Risks of rethinking social work through the ethics of care
The ‘dark side’ of care
However, despite the ‘opportunities’ described above, it is probably not a coincidence that the notion of care has received little recent attention in social work. As the quotation from Healy (2000) in our introduction illustrated, the critical social work literature comes close to identifying care with oppression, or at least as patronising, paternalist, and marginalising. Historically care has been associated with ‘the welfare’, being ‘looked after’, or ‘protected’, with service users positioned as dependent recipients. Care is also associated with charity for which those on the receiving end should be grateful. More recently, service user activism and social work discourses have emphasised the importance of user involvement, partnership, participation, rights, and, perhaps most significantly, empowerment (Thompson and Thompson, 2001). The contemporary use of the term ‘service user’ as opposed to ‘client’ symbolises this change in emphasis. From this perspective, ‘care’ is associated with a past that social work is trying to ‘modernise’. To suggest that social work should look afresh at ideas about care, even in the context of debates about the ethics of care, could be seen as at best naïve and at worst dangerous. Not only might it have the unintended consequence of reinforcing the existing prejudices and problems arising from the cultural and political devaluation of the feminine in a context where caring work is female dominated, but it may deflect attention from what service user movements say they want (see, for example, Beresford and Holden 2000; Beresford and Croft 2001).
Focussing on the disability movement, Fiona Williams (2001) has recently explored some challenging critiques of the ethics of care that focus on the risks from a service user perspective of conceptualising service interactions as care.
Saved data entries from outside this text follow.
lemma eq_at_center_if_leading_coeff_eq_0:
  assumes "depends_upto r R" "slice_holomorphic R"
    and zero: "\<And>x t w. (x, t, w) \<in> nbhd \<Longrightarrow> dV r R x t w * dV n S x t w = 0"
    and p: "(x, t, w) \<in> nbhd"
  shows "R x t w = R x t (w(r := w0 r))"
proof (cases "n < r")
  case True
  with assms show ?thesis
    by (intro eq_at_center_above_order)
next
  case False
  have "dV r R x t (w(r := z)) = 0" if "z \<in> W r" for z
  proof -
    from p that have q: "(x, t, w(r := z)) \<in> nbhd"
      by simp
    show ?thesis
    proof (cases "r = n")
      case True
      from zero q show ?thesis
        unfolding True by (rule dV_order_eq_0[OF assms(2)])
    next
      case False
      with \<open>\<not> n < r\<close> assms(1) zero q show ?thesis
        by (intro dV_eq_0_below_order) simp_all
    qed
  qed
  with assms(2) p show ?thesis
    by (rule eq_at_center_if_dV_zero)
qed

lemma solves_miura_reduce_order:
  assumes R: "depends_upto r R" "slice_holomorphic R" "solves_miura R" and "6 \<le> r" "n + r \<le> N"
  defines "R' \<equiv> \<lambda>x t w. R x t (w(r := w0 r))"
  shows "depends_upto (r - 1) R'" "slice_holomorphic R'" "solves_miura R'"
proof -
  show "depends_upto (r - 1) R'"
    unfolding R'_def using R(1) by (rule depends_upto_upd_top)
  show "slice_holomorphic R'"
    unfolding R'_def using R(2) by (rule slice_holomorphic_upd_center)
  have "R' x t w = R x t w" if "(x, t, w) \<in> nbhd" for x t w
    unfolding R'_def using eq_at_center_if_leading_coeff_eq_0[OF R(1,2)
        leading_coeff_eq_0[OF R(1) \<open>6 \<le> r\<close> \<open>n + r \<le> N\<close> R(3)] that]
    by simp
  with R(3) show "solves_miura R'"
    by (rule solves_miura_cong)
qed

lemma no_solution_of_order_5:
  assumes "depends_upto 5 R" "n + 5 \<le> N" "solves_miura R"
  shows False
proof -
  define g where "g = (\<lambda>z. S x0 t0 (w0(n := z)))"
  define K where "K = dV 5 R x0 t0 w0"
  have hol: "g holomorphic_on W n"
    using S_holomorphic[OF center_mem] by (simp add: g_def)
  have cont: "continuous_on (W n) (\<lambda>z. g z ^ 5 - K ^ 2)"
    using hol by (intro continuous_intros holomorphic_on_imp_continuous_on)
  have zero: "g z ^ 5 - K ^ 2 = 0" if z: "z \<in> W n" "dV n S x0 t0 (w0(n := z)) \<noteq> 0" for z
  proof -
    from center_mem z(1) have "(x0, t0, w0(n := z)) \<in> nbhd"
      by simp
    from leading_coeff_order_5[OF assms this] z(2)
    have "dV 5 R x0 t0 (w0(n := z)) = g z powr (5 / 2)"
      by (simp add: g_def)
    moreover have "dV 5 R x0 t0 (w0(n := z)) = K"
      using depends_upto_upd_eq[OF depends_upto_dV[OF assms(1)]] order_ge_6 by (simp add: K_def)
    ultimately show ?thesis
      using powr_half_nat_power2[of 5 "g z"] by simp
  qed
  have "g z ^ 5 = K ^ 2" if "z \<in> W n" for z
    using zero_on_slice_if_zero_where_dV_ne_0[OF center_mem cont zero that] by simp
  moreover obtain z0 where z0: "z0 \<in> W n" "deriv g z0 \<noteq> 0"
    using S_nondegenerate[OF center_mem] by (auto simp: g_def dV_fun_upd)
  ultimately have "deriv g z0 = 0"
    using holomorphic_derivI[OF hol open_W z0(1), of UNIV] open_W
    by (intro has_field_derivative_zero_if_power_locally_constant[where m = 5 and c = "K ^ 2"]) auto
  with z0(2) show False ..
qed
First, she notes that rejecting care, other theorists argue for alternative concepts such as empowerment (particularly where it emphasises choice and control)and support. Second, Williams points out that while the ethics of care emphasises interdependence and the relational, ‘disabled people have argued for the strategic centrality of independence, tying it to the practical demand for independent living in which autonomy and control over one’s life are key’ (2001, 479, emphasis added). Third, she considers the argument that to propose that the mutuality and closeness of family life become the paradigm in social life fails to grasp how the power inherent in extra-familial care relationships is not attenuated by the tenderness of intimacy. From this perspective, the ethics of care deflects from the paradigm of equality, and it is equality, not care, ‘that can both contain the demands for civil rights for disabled people, as well as connect to the struggles of other marginalised groups’ (Williams 2001, 479).
These criticisms respond to what Tronto identifies as the ‘dark side’ of care. However, we agree with Williams (2001) that service user critiques of the ethics of care share more common ground with the views they seem to oppose than may first appear, particularly when the diversity of positions within the ethics of care debate is taken into account. Moreover, Williams identifies a problem with some disability movement theory, which, she argues, overestimates the extent to which relationships are fixedly structured around domination (by carers) and subordination (of the cared for). As proponents of the ethics of care suggest, ‘we can in practice be carers or cared-for in different situations and do not always occupy one single position in this binary’ (Williams 2001, 480). Further, both the ethics of care approach, as elaborated by Tronto and Sevenhuijsen, and the empowerment approach, as elaborated by writers like Beresford, operate within an equality paradigm (Williams 2001, 480). As we have argued, in their ‘politicised’ version, both Tronto and Sevenhuijsen stress the importance of the principles of equality and justice in the development and application of the ethics of care. Care is not simply a micro-moral issue but is necessarily political and is intimately related to wider structural issues concerned with class, gender, ability, and race.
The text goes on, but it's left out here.